Anesteziye bağlı (önlenebilir) hasta kaybının yıllar içinde düşmesinde, izleme tekniklerinde gelişmelerin önemli bir rolü olduğu mutlaktır.3 Ancak yine de, uluslararası derneklerin en önemli sloganının ''ihtiyat'' (''vigilance'') olduğu unutulmamalıdır. Bu bağlamda, izleme yöntemlerinin, 'ihtiyat'lı bir anesteziyi tek başına sağlamayacağı, ancak anlamlı katkıda bulanacağı bilinmelidir. Endüstri tarafından sunulan yöntemler, bu 'ihtiyat'ı sağlama konusunda ''güvenilirlik'', ''kolaylık'', ''daha az invaziflik'' ve hatta ''hesaplılık'' gibi ölçütlerle değerlendirilmeli ve ancak ondan sonra kullanıma girmelidir. Bu açıdan bakıldığında, son on yıl içindeki gelişmeler, bir yandan örneğin pulmoner arter kateteri gibi geçmiş yılların çok sık başvurulan bir yönteminin indikasyon alanını çok daraltırken, öbür yandan büyük bir tanıtım ile pazara girmiş bazı yöntemler de seleflerini yerlerinden edemeyerek ortadan kaybolmuşlardır.
Günümüzde kabul edilen zorunlu monitörizasyonlar, elektrokardiyografi, non-invazif kan basıncı, puls oksimetri ve kapnografi iken, çeşitli dernekler sinir stimülatörü ve/veya ısı takibini de zorunlu olarak kabul etmektedirler. Bunların ötesinde, pekçok hastada, ek monitörizasyon yöntemlerine ihtiyaç olmaktadır.
Bazı Yeni Monitörizasyon Yöntemleri
Pulmoner arter kateteri, son yıllara kadar çok geniş bir indikasyon alanı (kardiyak cerrahi, kardiyolojik sorunlu hastalar, sepsis, çeşitli nedenli şoklar vb.) olması nedeniyler anestezi pratiğinin çok önemli bir parçası idi. İnvazif ve biraz da karmaşık bir yöntem olması nedeniylei önemli bir sorun oluşturduğu da oluyordu; anestezi uzmanlık eğitiminde önemli bir kilometre taşı olarak kabul edilirdi. Günümüzde, hemodinamik monitörizasyondaki yeni yöntemler, hem daha az invazif olmaları, hem de daha dolaysız sonuçlar vermeleri nedeni ile pulmoner arter kateterinin indikasyon alanını çok kısıtlamıştır. Derginin bu sayısında bir derleme bu monitörizasyona ayrılmıştır,4 bunun dışında iki derlemede de, konu ile ilgili bilgiler bulunmaktadır.5,6
Gerçekten de, pulmoner arter kateteri ile ölçülen, damar sistemlerindeki basınçlardır. Bu basınç verileri ile, hacimler hakkında dolaylı ''ve kimi zaman da yanlış olabilen- bilgiler edinilmeye çalışılır. İlk örnekleri 90'lı yıllarda görüldükten sonra, devamlı bir gelişme içinde piyasaya sürülen yöntemlerde ise, hem kateter pulmoner artere kadar ilerletilmek zorunda kalmadığı için komplikasyon ihtimali azalmakta, hem de hacim hakkında dolaysız bir bilgi edinilmektedir.

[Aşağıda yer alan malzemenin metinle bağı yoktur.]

lemma walk_segment_is_cycle:
  assumes walk: "\<And>k. (g k, g (Suc k)) \<in> D"
    and "i < j" "g i = g j" "inj_on g {i..<j}"
  shows "map g [i..<j] \<noteq> [] \<and> distinct (map g [i..<j]) \<and> cyc_arcs (map g [i..<j]) \<subseteq> D"
proof -
  define xs where "xs = map g [i..<j]"
  have len: "length xs = j - i" and nth: "\<And>k. k < j - i \<Longrightarrow> xs ! k = g (i + k)"
    by (simp_all add: xs_def)
  have "cyc_arcs xs \<subseteq> D"
  proof
    fix p assume "p \<in> cyc_arcs xs"
    then obtain k where k: "k < j - i" "p = (xs ! k, xs ! (Suc k mod (j - i)))"
      unfolding cyc_arcs_def len by blast
    have "xs ! (Suc k mod (j - i)) = g (Suc (i + k))"
    proof (cases "Suc k < j - i")
      case True
      then show ?thesis by (simp add: nth)
    next
      case False
      with k(1) have "Suc k = j - i" by simp
      then have "Suc k mod (j - i) = 0" "Suc (i + k) = j"
        using \<open>i < j\<close> by simp_all
      with \<open>i < j\<close> \<open>g i = g j\<close> show ?thesis by (simp add: nth)
    qed
    with k walk show "p \<in> D" by (simp add: nth)
  qed
  with assms show ?thesis
    unfolding xs_def by (simp add: distinct_map)
qed

lemma finite_digraph_has_cycle:
  assumes "finite N" "x0 \<in> N" and out: "\<forall>x\<in>N. \<exists>y\<in>N. (x, y) \<in> D"
  shows "\<exists>xs. xs \<noteq> [] \<and> distinct xs \<and> cyc_arcs xs \<subseteq> D"
proof -
  define f where "f x = (SOME y. y \<in> N \<and> (x, y) \<in> D)" for x
  have f: "f x \<in> N \<and> (x, f x) \<in> D" if "x \<in> N" for x
    unfolding f_def using out that by (metis (mono_tags, lifting) someI_ex)
  define g where "g k = (f ^^ k) x0" for k
  have g_in: "g k \<in> N" for k
    by (induction k) (simp_all add: g_def \<open>x0 \<in> N\<close> f)
  have walk: "(g k, g (Suc k)) \<in> D" for k
    using f[OF g_in] by (simp add: g_def)
  define P where "P j \<longleftrightarrow> (\<exists>i<j. g i = g j)" for j
  have "\<not> inj_on g {..card N}"
  proof
    assume "inj_on g {..card N}"
    then have "card (g ` {..card N}) = Suc (card N)" by (simp add: card_image)
    moreover have "card (g ` {..card N}) \<le> card N"
      using g_in \<open>finite N\<close> by (intro card_mono) auto
    ultimately show False by simp
  qed
  then obtain a b where "a \<noteq> b" "g a = g b" unfolding inj_on_def by blast
  then have "P (max a b)"
    unfolding P_def by (cases "a < b") (auto simp: max_def intro: exI[of _ a] exI[of _ b])
  define j where "j = (LEAST j. P j)"
  have "P j" unfolding j_def by (rule LeastI) fact
  then obtain i where "i < j" "g i = g j" unfolding P_def by blast
  have no_repeat: "g i' \<noteq> g j'" if "i' < j'" "j' < j" for i' j'
    using not_less_Least[of j' P] that unfolding P_def j_def by blast
  have "inj_on g {i..<j}"
  proof (rule inj_onI)
    fix a b assume "a \<in> {i..<j}" "b \<in> {i..<j}" "g a = g b"
    then show "a = b"
      using no_repeat[of a b] no_repeat[of b a] by (cases a b rule: linorder_cases) auto
  qed
  with walk_segment_is_cycle[OF walk \<open>i < j\<close> \<open>g i = g j\<close>] show ?thesis by blast
qed

lemma reversed_iff: "(x, y) \<in> reversed A m \<longleftrightarrow> (x, y) \<in> A \<and> (x, y) \<notin> m \<or> (y, x) \<in> m"
  unfolding reversed_def by auto

lemma is_matching_subset: "is_matching A m \<Longrightarrow> m' \<subseteq> m \<Longrightarrow> is_matching A m'"
  unfolding is_matching_def by blast

lemma is_matching_fst_eq:
  "is_matching A m \<Longrightarrow> a \<in> m \<Longrightarrow> b \<in> m \<Longrightarrow> fst a = fst b \<Longrightarrow> a = b"
  unfolding is_matching_def by blast

lemma is_matching_snd_eq:
  "is_matching A m \<Longrightarrow> a \<in> m \<Longrightarrow> b \<in> m \<Longrightarrow> snd a = snd b \<Longrightarrow> a = b"
  unfolding is_matching_def by blast

lemma homology_cong:
  assumes "\<And>s. s \<in> S \<Longrightarrow> bd s = bd' s"
  shows "homology S bd i = homology S bd' i"
proof -
  have lin: "lin bd c = lin bd' c" if "c \<subseteq> S" for c
  proof -
    have "{s \<in> c. x \<in> bd s} = {s \<in> c. x \<in> bd' s}" for x
      using assms that by auto
    then show ?thesis unfolding lin_def by simp
  qed
  have "{c. c \<subseteq> {s \<in> S. card s = Suc i} \<and> lin bd c = {}}
      = {c. c \<subseteq> {s \<in> S. card s = Suc i} \<and> lin bd' c = {}}"
    using lin by auto
  moreover have "lin bd ` Pow {s \<in> S. card s = Suc (Suc i)}
      = lin bd' ` Pow {s \<in> S. card s = Suc (Suc i)}"
    using lin by (intro image_cong) auto
  ultimately show ?thesis
    unfolding homology_def Let_def by simp
qed

lemma card_homology_zero_boundary:
  assumes "finite S" and "\<And>s. s \<in> S \<Longrightarrow> bd s = {}"
  shows "card (homology S bd i) = 2 ^ card {s \<in> S. card s = Suc i}"
proof -
  define T where "T = {s \<in> S. card s = Suc i}"
  have lin: "lin bd c = {}" if "c \<subseteq> S" for c
  proof -
    have empty: "{s \<in> c. x \<in> bd s} = {}" for x
      using assms(2) that by auto
    show ?thesis unfolding lin_def empty by simp
  qed
  then have "{c. c \<subseteq> T \<and> lin bd c = {}} = Pow T"
    unfolding T_def by auto
  moreover have "lin bd ` Pow {s \<in> S. card s = Suc (Suc i)} = {{}}"
    using lin by auto
  moreover have "symdiff z {} = z" for z :: "'a set set"
    unfolding symdiff_def by simp
  ultimately have "homology S bd i = (\<lambda>z. {z}) ` Pow T"
    unfolding homology_def Let_def T_def by simp
  moreover have "finite T" using assms(1) unfolding T_def by simp
  ultimately show ?thesis
    by (simp add: card_image card_Pow T_def)
qed

definition cyc_edge :: "nat \<Rightarrow> nat \<Rightarrow> nat set" where
  "cyc_edge n k = {k, Suc k mod n}"

definition edge_matching :: "nat \<Rightarrow> (nat \<Rightarrow> nat) \<Rightarrow> arc set" where
  "edge_matching n f = (\<lambda>k. (cyc_edge n k, {f k})) ` {..<n}"

definition tail_matching :: "nat \<Rightarrow> arc set" where
  "tail_matching n = edge_matching n (\<lambda>k. k)"

definition head_matching :: "nat \<Rightarrow> arc set" where
  "head_matching n = edge_matching n (\<lambda>k. Suc k mod n)"

lemma mem_cyc_edge: "v \<in> cyc_edge n k \<longleftrightarrow> v = k \<or> v = Suc k mod n"
  unfolding cyc_edge_def by auto

lemma tail_mem_cyc_edge: "k \<in> cyc_edge n k"
  by (simp add: mem_cyc_edge)

lemma head_mem_cyc_edge: "Suc k mod n \<in> cyc_edge n k"
  by (simp add: mem_cyc_edge)

lemma cycE_eq: "cycE n = cyc_edge n ` {..<n}"
  unfolding cycE_def cyc_edge_def by auto

lemma Suc_mod_eq: "k < n \<Longrightarrow> Suc k mod n = (if Suc k = n then 0 else Suc k)"
  by auto

lemma Suc_mod_inj: "j < n \<Longrightarrow> k < n \<Longrightarrow> Suc j mod n = Suc k mod n \<Longrightarrow> j = k"
  by (auto simp: Suc_mod_eq split: if_splits)

lemma Suc_mod_inj_on: "inj_on (\<lambda>k. Suc k mod n) {..<n}"
  by (rule inj_onI) (rule Suc_mod_inj; simp)

locale cycle_graph =
  fixes n :: nat
  assumes three_le: "3 \<le> n"
begin

abbreviation poset_arcs :: "arc set" where
  "poset_arcs \<equiv> fp_arcs (cycE n)"

lemma Suc_mod_lt: "Suc k mod n < n"
  using three_le by simp

lemma Suc_mod_neq: "k < n \<Longrightarrow> Suc k mod n \<noteq> k"
  using three_le by (auto simp: Suc_mod_eq)

lemma mem_cyc_edge_less: "k < n \<Longrightarrow> v \<in> cyc_edge n k \<Longrightarrow> v < n"
  using Suc_mod_lt by (auto simp: mem_cyc_edge)

lemma cyc_edge_inj:
  assumes "j < n" "k < n" "cyc_edge n j = cyc_edge n k"
  shows "j = k"
proof (rule ccontr)
  assume "j \<noteq> k"
  \<comment> \<open>then {j, j+1} = {k, k+1} forces j = k+1 and k = j+1: a 2-cycle, excluded by n \<ge> 3\<close>
  with assms(3) have "j = Suc k mod n" "Suc j mod n = k"
    unfolding cyc_edge_def by (auto simp: doubleton_eq_iff)
  with assms(1,2) three_le show False by (auto simp: Suc_mod_eq split: if_splits)
qed

lemma cyc_edge_eq_iff: "j < n \<Longrightarrow> k < n \<Longrightarrow> cyc_edge n j = cyc_edge n k \<longleftrightarrow> j = k"
  using cyc_edge_inj by blast

lemma cyc_edge_neq_singleton [simp]:
  assumes "k < n"
  shows "cyc_edge n k \<noteq> {v}" "{v} \<noteq> cyc_edge n k"
proof -
  have "k \<in> cyc_edge n k" "Suc k mod n \<in> cyc_edge n k"
    by (simp_all add: mem_cyc_edge)
  with Suc_mod_neq[OF assms] show "cyc_edge n k \<noteq> {v}" "{v} \<noteq> cyc_edge n k"
    by (metis singletonD)+
qed

lemma cyc_edges_share_vertex:
  assumes "j < n" "k < n" "j \<noteq> k" "v \<in> cyc_edge n j" "v \<in> cyc_edge n k"
  shows "j = v \<or> k = v"
proof (rule ccontr)
  assume "\<not> (j = v \<or> k = v)"
  with assms(4,5) have "Suc j mod n = Suc k mod n" by (auto simp: mem_cyc_edge)
  with Suc_mod_inj assms(1-3) show False by blast
qed

lemma poset_arcs_iff:
  "(x, y) \<in> poset_arcs \<longleftrightarrow> (\<exists>k<n. x = cyc_edge n k \<and> (\<exists>u\<in>cyc_edge n k. y = {u}))"
  unfolding fp_arcs_def cycE_eq by auto

lemma edge_arc_iff:
  "k < n \<Longrightarrow> (cyc_edge n k, y) \<in> poset_arcs \<longleftrightarrow> (\<exists>u\<in>cyc_edge n k. y = {u})"
  by (auto simp: poset_arcs_iff cyc_edge_eq_iff)

lemma reversed_arc_cases:
  assumes "m \<subseteq> poset_arcs" "(x, y) \<in> reversed poset_arcs m"
  obtains (unmatched) k u where "k < n" "u \<in> cyc_edge n k" "x = cyc_edge n k" "y = {u}" "(x, y) \<notin> m"
    | (matched) k v where "k < n" "v \<in> cyc_edge n k" "x = {v}" "y = cyc_edge n k" "(y, x) \<in> m"
proof -
  from assms(2) consider "(x, y) \<in> poset_arcs" "(x, y) \<notin> m" | "(y, x) \<in> m"
    unfolding reversed_iff by blast
  then show thesis
  proof cases
    case 1
    from 1(1) obtain k u where "k < n" "u \<in> cyc_edge n k" "x = cyc_edge n k" "y = {u}"
      unfolding poset_arcs_iff by blast
    then show thesis using 1(2) by (rule unmatched)
  next
    case 2
    with assms(1) have "(y, x) \<in> poset_arcs" by blast
    then obtain k v where "k < n" "v \<in> cyc_edge n k" "x = {v}" "y = cyc_edge n k"
      unfolding poset_arcs_iff by blast
    then show thesis using 2 by (rule matched)
  qed
qed

lemma reversed_arc_from_vertex:
  assumes "m \<subseteq> poset_arcs" "({v}, y) \<in> reversed poset_arcs m"
  obtains k where "k < n" "v \<in> cyc_edge n k" "y = cyc_edge n k" "(y, {v}) \<in> m"
  using assms
proof (cases rule: reversed_arc_cases)
  case (unmatched k u)
  then show thesis using cyc_edge_neq_singleton(2) by blast
next
  case (matched k v')
  then show thesis using that by blast
qed

lemma reversed_arc_to_vertex:
  assumes "m \<subseteq> poset_arcs" "(p, {v}) \<in> reversed poset_arcs m"
  obtains k where "k < n" "v \<in> cyc_edge n k" "p = cyc_edge n k" "(p, {v}) \<notin> m"
  using assms
proof (cases rule: reversed_arc_cases)
  case (unmatched k u)
  then show thesis using that by blast
next
  case (matched k v')
  then show thesis using cyc_edge_neq_singleton(2) by blast
qed

lemma reversed_arc_from_edge:
  assumes "m \<subseteq> poset_arcs" "k < n" "(cyc_edge n k, y) \<in> reversed poset_arcs m"
  obtains u where "u \<in> cyc_edge n k" "y = {u}" "(cyc_edge n k, {u}) \<notin> m"
  using assms(1,3)
proof (cases rule: reversed_arc_cases)
  case (unmatched k' u)
  with assms(2) have "k' = k" using cyc_edge_inj by blast
  with unmatched show thesis using that by blast
next
  case (matched k' v)
  with assms(2) show thesis using cyc_edge_neq_singleton(1) by blast
qed

lemma reversed_arc_to_edge:
  assumes "m \<subseteq> poset_arcs" "k < n" "(p, cyc_edge n k) \<in> reversed poset_arcs m"
  obtains w where "w \<in> cyc_edge n k" "p = {w}" "(cyc_edge n k, {w}) \<in> m"
  using assms(1,3)
proof (cases rule: reversed_arc_cases)
  case (unmatched k' u)
  with assms(2) show thesis using cyc_edge_neq_singleton(1) by blast
next
  case (matched k' v)
  with assms(2) have "k' = k" using cyc_edge_inj by blast
  with matched show thesis using that by blast
qed

end

locale reversal_cycle = cycle_graph +
  fixes m :: "arc set" and xs :: "face list"
  assumes matching: "is_matching poset_arcs m"
    and nonempty: "xs \<noteq> []"
    and cycle: "cyc_arcs xs \<subseteq> reversed poset_arcs m"
begin

lemma matching_subset: "m \<subseteq> poset_arcs"
  using matching unfolding is_matching_def by blast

Şok durumunda, asıl sorun dokunun oksijenlenmesinde ve oksijenin doku tarafından kullanılabilmesindedir. Bu durumlarda da, eski zamanlarda pulmoner arter kateterinin distal ucundan alınan kan ile arteryel oksijen sunumuyla, dokudaki ekstraksiyon hakkında bilgi üretilmeye çalışılırdı.
Günümüzde, doku oksijenlenmesini daha dolaysız ve daha güvenilir bir şekilde izleyebiliyoruz;6 bu yöntemin hemodinamik monitörizasyon ile birlikte kullanımı sayesinde, şok durumunda müdahele edilmesi gereken basamak hakkında daha kesin bir tanı koyabiliyor; sonuçta uygulanan tedavinin etkinliğini de objektif bir şekilde değerlendirebiliyoruz.
Anestezi pratiğine hızla girmiş bulunan bir diğer yöntem, transözofageal ekokardiyografi (TÖE)'dir. Başta kalp cerrahisi olmak üzere, yoğun bakımda da TÖE giderek sıklıkla kullanılmaktadır. TÖE'nin tanı amaçlı kullanımı dışında, bizim branşımızda belki daha sık ve daha değerli olarak bir monitör olarak da kullanımı söz konusudur.5 Kalp cerrahisinde, ameliyatın başarısının değerlendirilmesi bile başlı başına önemli bir izleme başarısıdır. Ayrıca, daha önce yine pulmoner arter kateteri ile izlenen pek çok parametre, TÖE ile daha az invazif ve daha kolay biçimde izlenebilir; karaciğer transplantasyonu örneğinde görülebileceği gibi... Yine de, TÖE de, değerlendirmenin büyük ölçüde ''öznel'' olduğu unutulmamalıdır.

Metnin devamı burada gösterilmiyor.